Years went by. I graduated, moved and moved again, and quit making that trek up Highway 7. By the mid-90s, Branson had started to bloom and bustle, and Dogpatch USA was closed for good. AHTD had been working meticulously on knocking the curves out of US Highway 65, and the more direct route from Little Rock on up became more popular as longer stretches were made four lane and the speed limit was increased. And Scenic Highway 7 started to dry up.

This past August, my husband and I on a whim made the trek up Highway 7 again, just to see what had changed. We knew about the demise of Dogpatch USA. But the closure of the Booger Hollow Trading Post surprised us.

So I started doing research, and promised myself I would go back with a camera later and catch some photos before it disappeared for good.

It turns out, Booger Hollow wasn't a victim of time or change, but of property ownership. Now, there are several different stories I've been told, but I have been able to discern this much. In 2004, owner Charlotte Johnson was approached by a couple of different people aboout buying the property and keeping it open. One of those people was David Standridge. But she didn't sell it to him... she sold it to a couple out of Green Forest (at least, that's what it says at the Pope County Courthouse). David ended up buying land closer in to Dover for his own enterprise.

Now here's where it gets iffy. A couple of people have told me that the purchasers didn't make the payments, and Johnson got the property back. And I've even heard that the land under the Trading Post went back to someone else.

Regardless, the Booger Hollow Trading Post closed... there were a couple of attempts to reopen it but it's now been officially shut down for three years.

I didn't know about the land battle and stuff when I went to visit the property on a very foggy day in October, 2007. All I knew was I wanted to find out more about what happened.

The fog seemed to suck everything up that day -- the sound from the road, the view -- it even appeared to suck the very highway itself from existance about 50 feet ahead of drivers.

The signs still mark the way. From about 10 miles out in either direction, white signs with red borders and lettering herald what were the proud products of Booger Hollow -- hams, quilts, and more. The signs keep drawing you onward to a disappointment.

I scouted out along the road for the attraction, wondering what I would find. And then, it showed up so quickly I nearly missed the turn.
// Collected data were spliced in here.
lemma s_le_mult_s:
  assumes "0 < M" "lam * \<alpha> \<le> M * \<Theta> * \<gamma>" "j \<le> d" "I \<in> level j" "I' \<in> level j"
  shows "s I \<le> M * s I'"
proof -
  define K where "K = real (tree_span l d j) * mean_cap"
  have K: "0 < K"
    using span_pos mean_cap_pos by (simp add: K_def)
  have "K * \<gamma> < r I'"
    using r_gt_mean_cap[OF assms(3,5)] by (simp add: K_def ac_simps)
  also have "\<dots> \<le> lam * s I'"
    using nonneg_level(3)[of j I'] assms by simp
  finally have lower: "K * \<gamma> < lam * s I'" .
  have "\<Theta> * (lam * s I) \<le> lam * (K * \<alpha>)"
    using s_le_mean_cap[OF assms(3,4)] lam_pos by (simp add: K_def ac_simps)
  also have "\<dots> \<le> K * (M * \<Theta> * \<gamma>)"
    using assms(2) K by (simp add: mult.left_commute)
  also have "\<dots> \<le> M * \<Theta> * (lam * s I')"
    using lower assms(1) \<Theta>_pos by (simp add: mult.left_commute)
  finally have "(\<Theta> * lam) * s I \<le> (\<Theta> * lam) * (M * s I')"
    by (simp add: ac_simps)
  then show ?thesis
    using \<Theta>_pos lam_pos by simp
qed

lemma children_r_powr_lt:
  assumes "0 \<le> c" "c powr (1 / p) * \<alpha> \<le> \<gamma>" "i < d" "I \<in> level i"
  shows "c * real (l (Suc i)) powr (p - 1) * (\<Sum>J\<in>children i I. r J powr p) < r I powr p"
proof -
  define K where "K = real (tree_span l d (Suc i)) * \<alpha> * mean_cap"
  define li where "li = real (l (Suc i))"
  have li: "1 \<le> li"
    using lengths_pos assms(3) by (simp add: li_def)
  have K: "0 \<le> K"
    using one_le_\<alpha> mean_cap_pos by (simp add: K_def)
  have "r J powr p \<le> K powr p" if "J \<in> children i I" for J
  proof -
    have "J \<in> level (Suc i)"
      using that tree_children_subset by blast
    then show ?thesis
      using r_le_mean_cap[of "Suc i" J] nonneg_level(1)[of "Suc i" J] assms(3) p
      by (intro powr_mono2) (simp_all add: K_def)
  qed
  then have "(\<Sum>J\<in>children i I. r J powr p) \<le> li * K powr p"
    using sum_bounded_above[of "children i I" "\<lambda>J. r J powr p" "K powr p"] assms lengths_pos
    by (simp add: card_tree_children li_def)
  then have "c * li powr (p - 1) * (\<Sum>J\<in>children i I. r J powr p) \<le> c * li powr (p - 1) * (li * K powr p)"
    using assms(1) by (intro mult_left_mono) simp_all
  also have "\<dots> = (c powr (1 / p) * li * K) powr p"
  proof -
    have "li powr (p - 1) * li = li powr p"
      using li by (simp add: powr_diff)
    moreover have "(c powr (1 / p)) powr p = c"
      using assms(1) p by (simp add: powr_powr)
    ultimately show ?thesis
      using li K by (simp add: powr_mult ac_simps)
  qed
  also have "\<dots> < r I powr p"
  proof (rule powr_less_mono2)
    have "c powr (1 / p) * li * K = c powr (1 / p) * \<alpha> * (tree_span l d i * mean_cap)"
      using assms(3) by (simp add: K_def li_def tree_span_Suc ac_simps)
    also have "\<dots> \<le> \<gamma> * (tree_span l d i * mean_cap)"
      using assms(2) mean_cap_pos by (intro mult_right_mono) simp_all
    also have "\<dots> < r I"
      using r_gt_mean_cap[of i I] assms(3,4) by (simp add: ac_simps)
    finally show "c powr (1 / p) * li * K < r I" .
  qed (use p li K in simp_all)
  finally show ?thesis
    by (simp add: li_def)
qed
lemma integrable_continuous_AE_unit_interval:
  fixes f :: "real \<Rightarrow> real"
  assumes "prob_space \<mu>" "sets \<mu> = sets borel" "AE x in \<mu>. x \<in> {0..1}"
    and "continuous_on UNIV f"
  shows "integrable \<mu> f"
proof -
  obtain B where B: "\<And>x. x \<in> {0..1} \<Longrightarrow> \<bar>f x\<bar> \<le> B"
    using continuous_on_compact_bound[OF compact_Icc continuous_on_subset[OF assms(4)]]
    by (metis real_norm_def subset_UNIV)
  have "AE x in \<mu>. norm (f x) \<le> B"
    using assms(3) by eventually_elim (simp add: B)
  moreover have "f \<in> borel_measurable \<mu>"
    using borel_measurable_continuous_onI[OF assms(4)] measurable_cong_sets[OF assms(2) refl]
    by blast
  ultimately show ?thesis
    using finite_measure.integrable_const_bound[OF prob_space.finite_measure[OF assms(1)]] by blast
qed

locale spa_certificate =
  fixes N :: nat and G \<psi> :: "real \<Rightarrow> real"
  assumes two_le_N: "2 \<le> N"
    and continuous_G: "continuous_on UNIV G"
    and continuous_psi: "continuous_on UNIV \<psi>"
    and mono_psi: "mono \<psi>"
    and psi_le: "\<And>x. \<psi> x \<le> x * G x"
    and G_has_integral: "\<And>s h. s \<le> h \<Longrightarrow>
      (G has_integral (h * G h - \<psi> h / N) - (s * G s - \<psi> s / N)) {s..h}"
begin

lemma spa_revenue_closed_form:
  "spa_revenue G N v = \<psi> (highest N v) / N
     + (second_highest N v * G (second_highest N v) - \<psi> (second_highest N v) / N)"
  using spa_revenue_eq[of N G v] two_le_N
    integral_unique[OF G_has_integral[OF second_highest_le_highest[OF two_le_N]]]
  by simp

lemma spa_revenue_ge_mean: "(\<Sum>i<N. \<psi> (v i)) / N \<le> spa_revenue G N v"
proof -
  define h s where "h = highest N v" and "s = second_highest N v"
  obtain k where k: "k < N" "\<And>j. j < N \<Longrightarrow> j \<noteq> k \<Longrightarrow> v j \<le> s"
    using le_second_highest_except_one[OF two_le_N] unfolding s_def by metis
  have "(\<Sum>i<N. \<psi> (v i)) = \<psi> (v k) + (\<Sum>i\<in>{..<N}-{k}. \<psi> (v i))"
    using k(1) by (simp add: sum.remove)
  also have "\<dots> \<le> \<psi> h + (\<Sum>i\<in>{..<N}-{k}. \<psi> s)"
    using k le_highest[of k N v] unfolding h_def
    by (intro add_mono sum_mono monoD[OF mono_psi]) auto
  also have "\<dots> = \<psi> h + (real N - 1) * \<psi> s"
    using k(1) two_le_N by (simp add: of_nat_diff)
  finally have "(\<Sum>i<N. \<psi> (v i)) / N \<le> (\<psi> h + (real N - 1) * \<psi> s) / N"
    by (simp add: divide_right_mono)
  also have "\<dots> = \<psi> h / N + (\<psi> s - \<psi> s / N)"
    using two_le_N by (simp add: field_simps)
  also have "\<dots> \<le> spa_revenue G N v"
    using psi_le[of s] by (simp add: spa_revenue_closed_form h_def s_def)
  finally show ?thesis .
qed
(* Let $a^*_{\mathsf A},a^*_{\mathsf B}\ge1$ and $l^*_{\mathsf A},l^*_{\mathsf B}\in[0,1)$. On each mode $X\in\{\mathsf A,\mathsf B\}$ of a two-mode system apply the amplification channel with parameter $a^*_X$ followed by the loss channel with parameter $l^*_X$. The resulting product channel maps every two-mode Gaussian state to a separable state (i.e. annihilates entanglement of all two-mode Gaussian states) if and only if $$\frac1{a^*_{\mathsf A}}+\frac1{a^*_{\mathsf B}}\le1.$$
   Context: Covariance-matrix convention: vacuum has covariance matrix $\mathbb 1/2$. Loss with parameter $l\in[0,1]$: $V\mapsto(1-l)V+l\,\mathbb 1/2$. Amplification with parameter $a\ge1$: $V\mapsto aV+(a-1)\mathbb 1/2$. Separable means separable across the $\mathsf A$–$\mathsf B$ partition. *)

theory Defs
  imports Complex_Main
begin

text \<open>Covariance matrices of n-mode systems are represented as functions
  nat => nat => real, only entries with indices < 2n being relevant.
  Quadrature ordering (x_1,p_1,x_2,p_2,...). Vacuum has covariance 1/2.\<close>

definition symp_form :: "nat \<Rightarrow> nat \<Rightarrow> nat \<Rightarrow> real" where
  "symp_form n i j =
     (if i < 2*n \<and> j < 2*n \<and> even i \<and> j = i + 1 then 1
      else if i < 2*n \<and> j < 2*n \<and> odd i \<and> i = j + 1 then -1 else 0)"

definition is_cm :: "nat \<Rightarrow> (nat \<Rightarrow> nat \<Rightarrow> real) \<Rightarrow> bool" where
  "is_cm n V \<longleftrightarrow>
     (\<forall>i<2*n. \<forall>j<2*n. V i j = V j i) \<and>
     (\<forall>z :: nat \<Rightarrow> complex.
        let q = (\<Sum>i<2*n. \<Sum>j<2*n. cnj (z i) *
                   (complex_of_real (V i j) + \<i> * complex_of_real (symp_form n i j) / 2) * z j)
        in Im q = 0 \<and> 0 \<le> Re q)"

definition mat_le :: "nat \<Rightarrow> (nat \<Rightarrow> nat \<Rightarrow> real) \<Rightarrow> (nat \<Rightarrow> nat \<Rightarrow> real) \<Rightarrow> bool" where
  "mat_le n W V \<longleftrightarrow>
     (\<forall>x :: nat \<Rightarrow> real. 0 \<le> (\<Sum>i<2*n. \<Sum>j<2*n. x i * (V i j - W i j) * x j))"

definition direct_sum_1_1 ::
  "(nat \<Rightarrow> nat \<Rightarrow> real) \<Rightarrow> (nat \<Rightarrow> nat \<Rightarrow> real) \<Rightarrow> nat \<Rightarrow> nat \<Rightarrow> real" where
  "direct_sum_1_1 GA GB i j =
     (if i < 2 \<and> j < 2 then GA i j
      else if 2 \<le> i \<and> 2 \<le> j then GB (i - 2) (j - 2) else 0)"

text \<open>Separability of a two-mode Gaussian state with covariance matrix V across
  the A|B split (Werner--Wolf criterion): V >= gamma_A (+) gamma_B for some
  valid single-mode covariance matrices gamma_A, gamma_B.\<close>
definition gauss_separable_2 :: "(nat \<Rightarrow> nat \<Rightarrow> real) \<Rightarrow> bool" where
  "gauss_separable_2 V \<longleftrightarrow>
     (\<exists>GA GB. is_cm 1 GA \<and> is_cm 1 GB \<and> mat_le 2 (direct_sum_1_1 GA GB) V)"

definition local_channel_2 ::
  "real \<Rightarrow> real \<Rightarrow> real \<Rightarrow> real \<Rightarrow> (nat \<Rightarrow> nat \<Rightarrow> real) \<Rightarrow> nat \<Rightarrow> nat \<Rightarrow> real" where
  "local_channel_2 xA yA xB yB V i j =
     (let xf = (\<lambda>k. if k < 2 then xA else xB);
          yf = (\<lambda>k. if k < 2 then yA else yB)
      in xf i * V i j * xf j + (if i = j then yf i else 0))"

text \<open>Amplification a: V -> a V + (a-1) 1/2 ; loss l: V -> (1-l) V + l 1/2.\<close>
definition amp_2 :: "real \<Rightarrow> real \<Rightarrow> (nat \<Rightarrow> nat \<Rightarrow> real) \<Rightarrow> nat \<Rightarrow> nat \<Rightarrow> real" where
  "amp_2 aA aB = local_channel_2 (sqrt aA) ((aA - 1) / 2) (sqrt aB) ((aB - 1) / 2)"

definition loss_2 :: "real \<Rightarrow> real \<Rightarrow> (nat \<Rightarrow> nat \<Rightarrow> real) \<Rightarrow> nat \<Rightarrow> nat \<Rightarrow> real" where
  "loss_2 lA lB = local_channel_2 (sqrt (1 - lA)) (lA / 2) (sqrt (1 - lB)) (lB / 2)"

end

theory Submission
  imports Defs
begin

text \<open>Amplification followed by loss acts on each mode as \<open>V \<mapsto> t V + n \<one>\<close> with gain
  \<open>t = (1 - l) a\<close> and noise \<open>n = ((1 - l)(a - 1) + l)/2\<close>, and \<open>(2n - 1)/t = 1 - 2/a\<close>.
  For a product of such channels (physical ones, \<open>|1 - t| \<le> 2n\<close>), every output is separable
  iff \<open>(2n\<^sub>A - 1)/t\<^sub>A + (2n\<^sub>B - 1)/t\<^sub>B \<ge> 0\<close>.

  Sufficiency: say \<open>2n\<^sub>B \<ge> 1\<close>. Interpolating between \<open>V + i\<Omega>/2 \<ge> 0\<close> and its complex
  conjugate gives \<open>V + i\<kappa>\<Omega>/2 \<ge> 0\<close> for \<open>|\<kappa>| \<le> 1\<close>; for a suitable \<open>\<kappa>\<close> the noise added by the
  channel absorbs the rest of the symplectic form, so that the output minus the vacuum on B is
  positive with respect to the symplectic form of A alone. Its Schur complement over B is a
  covariance matrix \<open>\<gamma>\<^sub>A\<close>, and the output dominates \<open>\<gamma>\<^sub>A \<oplus> \<one>/2\<close>. The case
  \<open>2n\<^sub>A \<ge> 1\<close> follows by exchanging the modes.

  Necessity: a two-mode squeezed input has EPR variances \<open>1/k\<close>, which the channel turns into
  \<open>1/k + n\<^sub>A/t\<^sub>A + n\<^sub>B/t\<^sub>B\<close> after rescaling; the EPR bound for separable states then forces
  the condition as \<open>k \<rightarrow> \<infinity>\<close>.\<close>

section \<open>Covariance matrices as real quadratic forms\<close>

definition quad_form :: "nat \<Rightarrow> (nat \<Rightarrow> nat \<Rightarrow> real) \<Rightarrow> (nat \<Rightarrow> real) \<Rightarrow> real" where
  "quad_form n M x = (\<Sum>i<2*n. \<Sum>j<2*n. x i * M i j * x j)"
(* If $C$ is a line through $O$, then $\Delta_{C,s_+}=\Delta_{1,s,1}$ for every rational $s\ge1$; hence $\Delta_{C,s_+}$ depends linearly on $s$ and there are no mutations.
   Context: Work over $\mathbb C$; $x=X/Z$, $y=Y/Z$, $O=(0,0)$; the line $C$ is taken to be tangent to (i.e. equal to) $\{y=0\}$ near $O$, parametrized as $x\mapsto(x,\xi(x))$ with $\xi=0$ after coordinates are chosen. For $f\ne0$ with $C$-expansion $f=\sum a_{ij}x^i(y-\xi(x))^j$, $v_1(C,s;f)=\min\{i+sj:a_{ij}\ne0\}$, and $v_+(C,s)(f)=(v_1(C,s;f),\min\{j:\exists i,\ a_{ij}\ne0,\ i+sj=v_1(C,s;f)\})$. $\Delta_{C,s_+}$ is the closure of the convex hull of $\{v_+(C,s)(F/Z^k)/k:k\ge1,\ F\ne0\text{ homogeneous of degree }k\}$. $\Delta_{a,b,c}$ is the triangle with vertices $(0,0),(a,0),(b,c)$. $\Delta_{C,s_+}$ depends linearly on $s$ in an interval $I$ if the number of vertices other than the origin is constant on $I$ and their coordinates are affine functions of $s$ on $I$. With $d=\deg C$, $\Delta_{C,s_+}$ is continuous at $s_0\in(1,d^2)$ if for every $\epsilon>0$ there is $\delta>0$ such that for all rational $s$ with $|s-s_0|<\delta$ every vertex of $\Delta_{C,s_+}$ is within distance $\epsilon$ of $\partial\Delta_{C,s_{0+}}$; otherwise it mutates at $s_0$. *)

theory Defs
  imports "HOL-Analysis.Analysis"
begin

text \<open>A homogeneous polynomial F(X,Y,Z) of degree k over the complex numbers is
represented by its coefficient function c, where c i j is the coefficient of
X^i Y^j Z^(k-i-j); coefficients with i + j > k vanish.  The rational function
f = F/Z^k in the affine coordinates x = X/Z, y = Y/Z is then
f = sum of c i j x^i y^j.\<close>

definition hom_coeffs :: "nat \<Rightarrow> (nat \<Rightarrow> nat \<Rightarrow> complex) \<Rightarrow> bool" where
  "hom_coeffs k c \<longleftrightarrow> (\<forall>i j. k < i + j \<longrightarrow> c i j = 0)"

text \<open>C-expansion of f = F/Z^k for the line C = {y = 0} through O, i.e. xi = 0:
f = sum a_ij x^i (y - xi(x))^j with a_ij = c i j.\<close>

definition line_expansion :: "(nat \<Rightarrow> nat \<Rightarrow> complex) \<Rightarrow> nat \<Rightarrow> nat \<Rightarrow> complex" where
  "line_expansion c i j = c i j"

definition v1_line :: "real \<Rightarrow> (nat \<Rightarrow> nat \<Rightarrow> complex) \<Rightarrow> real" where
  "v1_line s c = Min {real i + s * real j | i j. line_expansion c i j \<noteq> 0}"

definition vplus_line :: "real \<Rightarrow> (nat \<Rightarrow> nat \<Rightarrow> complex) \<Rightarrow> real \<times> real" where
  "vplus_line s c = (v1_line s c,
     real (Min {j. \<exists>i. line_expansion c i j \<noteq> 0 \<and> real i + s * real j = v1_line s c}))"

definition Delta_line :: "real \<Rightarrow> (real \<times> real) set" where
  "Delta_line s = closure (convex hull
     {(1 / real k) *\<^sub>R vplus_line s c | k c. k \<ge> 1 \<and> hom_coeffs k c \<and> (\<exists>i j. c i j \<noteq> 0)})"

definition Delta_abc :: "real \<Rightarrow> real \<Rightarrow> real \<Rightarrow> (real \<times> real) set" where
  "Delta_abc a b c = convex hull {(0, 0), (a, 0), (b, c)}"

definition vertices :: "(real \<times> real) set \<Rightarrow> (real \<times> real) set" where
  "vertices K = {v. v extreme_point_of K}"

definition depends_linearly :: "(real \<Rightarrow> (real \<times> real) set) \<Rightarrow> real set \<Rightarrow> bool" where
  "depends_linearly D I \<longleftrightarrow>
     (\<exists>n::nat. \<exists>A B :: nat \<Rightarrow> real \<times> real.
        \<forall>s \<in> I \<inter> \<rat>. vertices (D s) - {(0, 0)} = {A l + s *\<^sub>R B l | l. l < n}
                      \<and> card (vertices (D s) - {(0, 0)}) = n)"

text \<open>Continuity at s0 (d = deg C): for every eps > 0 there is delta > 0 such that for
all rational s with |s - s0| < delta every vertex of Delta_s is within eps of the
boundary of Delta_{s0}.\<close>

definition continuous_at_s :: "(real \<Rightarrow> (real \<times> real) set) \<Rightarrow> real \<Rightarrow> bool" where
  "continuous_at_s D s0 \<longleftrightarrow>
     (\<forall>\<epsilon>>0. \<exists>\<delta>>0. \<forall>s \<in> \<rat>. \<bar>s - s0\<bar> < \<delta> \<longrightarrow>
        (\<forall>v \<in> vertices (D s). \<exists>w \<in> frontier (D s0). dist v w < \<epsilon>))"

definition mutates_at :: "(real \<Rightarrow> (real \<times> real) set) \<Rightarrow> nat \<Rightarrow> real \<Rightarrow> bool" where
  "mutates_at D d s0 \<longleftrightarrow> s0 \<in> {1<..<real d ^ 2} \<and> \<not> continuous_at_s D s0"

end

theory Submission
  imports Defs
begin

text \<open>Every nonzero F/Z^k contributes a point v_+(F)/k of the form (i + s j, j)/k with
i + j \<le> k, and all such points lie in the triangle \<Delta>_{1,s,1}. Conversely its vertices are
attained by the monomials Z, X and Y, so closure and convex hull give exactly \<Delta>_{1,s,1}.
Since s \<mapsto> (s, 1) is affine, the two nonzero vertices depend linearly on s.\<close>

lemma scaled_lattice_point_in_Delta_abc:
  fixes k i j :: nat and s :: real
  assumes "k \<ge> 1" "i + j \<le> k"
  shows "(1 / real k) *\<^sub>R (real i + s * real j, real j) \<in> Delta_abc 1 s 1"
proof -
  let ?u = "real i / real k" and ?v = "real j / real k"
  have k: "real k > 0" using assms by simp
  have "?u + ?v \<le> 1"
    using assms k by (simp add: add_divide_distrib[symmetric] divide_le_eq_1)
  moreover have "(1 / real k) *\<^sub>R (real i + s * real j, real j)
      = (1 - ?u - ?v) *\<^sub>R (0, 0) + ?u *\<^sub>R (1, 0) + ?v *\<^sub>R (s, 1)"
    by (simp add: add_divide_distrib)
  ultimately show ?thesis
    unfolding Delta_abc_def convex_hull_3 by fastforce
qed

lemma vplus_line_attained:
  assumes "finite {(i, j). c i j \<noteq> 0}" "\<exists>i j. c i j \<noteq> 0"
  obtains i j where "c i j \<noteq> 0" "vplus_line s c = (real i + s * real j, real j)"
proof -
  let ?V = "{real i + s * real j | i j. line_expansion c i j \<noteq> 0}"
  let ?J = "{j. \<exists>i. line_expansion c i j \<noteq> 0 \<and> real i + s * real j = v1_line s c}"
  have "?V = (\<lambda>(i, j). real i + s * real j) ` {(i, j). c i j \<noteq> 0}"
    by (auto simp: line_expansion_def)
  with assms have "finite ?V" "?V \<noteq> {}" by auto
  then have "v1_line s c \<in> ?V" unfolding v1_line_def by (rule Min_in)
  then have "?J \<noteq> {}" by (force simp: line_expansion_def)
  moreover have "?J \<subseteq> snd ` {(i, j). c i j \<noteq> 0}"
    by (force simp: line_expansion_def)
  then have "finite ?J" using assms(1) by (meson finite_imageI finite_subset)
  ultimately have "Min ?J \<in> ?J" by (intro Min_in)
  then obtain i where "c i (Min ?J) \<noteq> 0" "real i + s * real (Min ?J) = v1_line s c"
    by (auto simp: line_expansion_def)
  then show ?thesis by (intro that[of i "Min ?J"]) (simp_all add: vplus_line_def)
qed

lemma finite_support_hom_coeffs:
  assumes "hom_coeffs k c"
  shows "finite {(i, j). c i j \<noteq> 0}"
proof (rule finite_subset)
  show "{(i, j). c i j \<noteq> 0} \<subseteq> {..k} \<times> {..k}"
    using assms unfolding hom_coeffs_def
    by (auto simp: not_le[symmetric]) (metis add_leD1 add_leD2 not_le)+
qed simp

lemma vplus_line_in_Delta_abc:
  assumes "k \<ge> 1" "hom_coeffs k c" "\<exists>i j. c i j \<noteq> 0"
  shows "(1 / real k) *\<^sub>R vplus_line s c \<in> Delta_abc 1 s 1"
proof -
  obtain i j where "c i j \<noteq> 0" and v: "vplus_line s c = (real i + s * real j, real j)"
    using vplus_line_attained[OF finite_support_hom_coeffs[OF assms(2)] assms(3)] .
  then have "i + j \<le> k" using assms(2) unfolding hom_coeffs_def by (meson not_le)
  with assms(1) show ?thesis
    unfolding v by (rule scaled_lattice_point_in_Delta_abc)
qed

lemma vplus_line_monomial:
  "vplus_line s (\<lambda>i j. if i = a \<and> j = b then 1 else 0) = (real a + s * real b, real b)"
proof -
  let ?c = "\<lambda>i j. if i = a \<and> j = b then (1::complex) else 0"
  have "{real i + s * real j | i j. line_expansion ?c i j \<noteq> 0} = {real a + s * real b}"
    by (auto simp: line_expansion_def)
  then have v: "v1_line s ?c = real a + s * real b" by (simp add: v1_line_def)
  have "{j. \<exists>i. line_expansion ?c i j \<noteq> 0 \<and> real i + s * real j = v1_line s ?c} = {b}"
    by (auto simp: line_expansion_def v)
  then show ?thesis by (simp add: vplus_line_def v)
qed

lemma Delta_line_eq_Delta_abc: "Delta_line s = Delta_abc 1 s 1"
proof -
  let ?P = "{(1 / real k) *\<^sub>R vplus_line s c | k c.
              k \<ge> 1 \<and> hom_coeffs k c \<and> (\<exists>i j. c i j \<noteq> 0)}"
  have monomial_in_P: "(real a + s * real b, real b) \<in> ?P" if "a + b \<le> 1" for a b
  proof -
    let ?c = "\<lambda>i j. if i = a \<and> j = b then (1::complex) else 0"
    have "hom_coeffs 1 ?c" using that by (simp add: hom_coeffs_def)
    then have "(1 / real (1::nat)) *\<^sub>R vplus_line s ?c \<in> ?P" by fastforce
    then show ?thesis by (simp add: vplus_line_monomial)
  qed
  have "convex hull ?P = Delta_abc 1 s 1"
  proof
    show "convex hull ?P \<subseteq> Delta_abc 1 s 1"
      using vplus_line_in_Delta_abc
      by (intro hull_minimal) (blast, simp add: Delta_abc_def)
    have "{(0, 0), (1, 0), (s, 1)} \<subseteq> ?P"
      using monomial_in_P[of 0 0] monomial_in_P[of 1 0] monomial_in_P[of 0 1] by simp
    then show "Delta_abc 1 s 1 \<subseteq> convex hull ?P"
      unfolding Delta_abc_def by (rule hull_mono)
  qed
  moreover have "closed (Delta_abc 1 s 1)"
    unfolding Delta_abc_def by (simp add: compact_imp_closed finite_imp_compact_convex_hull)
  ultimately show ?thesis unfolding Delta_line_def by simp
qed

lemma vertices_Delta_line: "vertices (Delta_line s) = {(0, 0), (1, 0), (s, 1)}"
proof -
  have "\<not> collinear {0::real \<times> real, (1, 0), (s, 1)}"
    unfolding collinear_lemma by (auto simp: zero_prod_def)
  then have "\<not> affine_dependent {(0::real, 0::real), (1, 0), (s, 1)}"
    by (simp add: collinear_3_eq_affine_dependent zero_prod_def)
  then show ?thesis
    unfolding vertices_def Delta_line_eq_Delta_abc Delta_abc_def
    using extreme_point_of_convex_hull_affine_independent by blast
qed

theorem proposition5p23:
  shows "(\<forall>s \<in> \<rat>. s \<ge> 1 \<longrightarrow> Delta_line s = Delta_abc 1 s 1)
         \<and> depends_linearly Delta_line {1..}
         \<and> (\<forall>s0. \<not> mutates_at Delta_line 1 s0)"
proof (intro conjI)
  show "\<forall>s \<in> \<rat>. s \<ge> 1 \<longrightarrow> Delta_line s = Delta_abc 1 s 1"
    using Delta_line_eq_Delta_abc by blast
  show "\<forall>s0. \<not> mutates_at Delta_line 1 s0"
    by (simp add: mutates_at_def)
  have nonzero_vertices: "vertices (Delta_line s) - {(0, 0)} = {(1, 0), (s, 1)}" for s
    unfolding vertices_Delta_line by auto
  let ?A = "\<lambda>l::nat. if l = 0 then (1, 0) else (0, 1) :: real \<times> real"
  let ?B = "\<lambda>l::nat. if l = 0 then (0, 0) else (1, 0) :: real \<times> real"
  have "{?A l + s *\<^sub>R ?B l | l. l < 2} = {(1, 0), (s, 1)}" for s
    by (auto simp: less_2_cases_iff)
  then have linear_parametrization:
    "vertices (Delta_line s) - {(0, 0)} = {?A l + s *\<^sub>R ?B l | l. l < 2}
     \<and> card (vertices (Delta_line s) - {(0, 0)}) = 2" for s
    unfolding nonzero_vertices by simp
  show "depends_linearly Delta_line {1..}"
    unfolding depends_linearly_def
    by (intro exI[of _ "2::nat"] exI[of _ ?A] exI[of _ ?B] ballI linear_parametrization)
qed

end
There stood the old red buildings with their white trim, wearing the fog like a memorial shroud or the very fog of distant memory. Perhaps I was just dreaming this? No, the humid day slicked my skin. I was really here.

A carpet of wildflowers has engulfed the step up to the front porch. All the signs are still on the front door, and the mats are still out. With the condensation on the window, you might mistake that "Closed" sign for a mark that someone is coming back.

But there's a window busted to the left of the door, a small window on the lower left hand side. And peering through it, I could see rows of empty shelves, the memory of what used to be inside betrayed by my eyes.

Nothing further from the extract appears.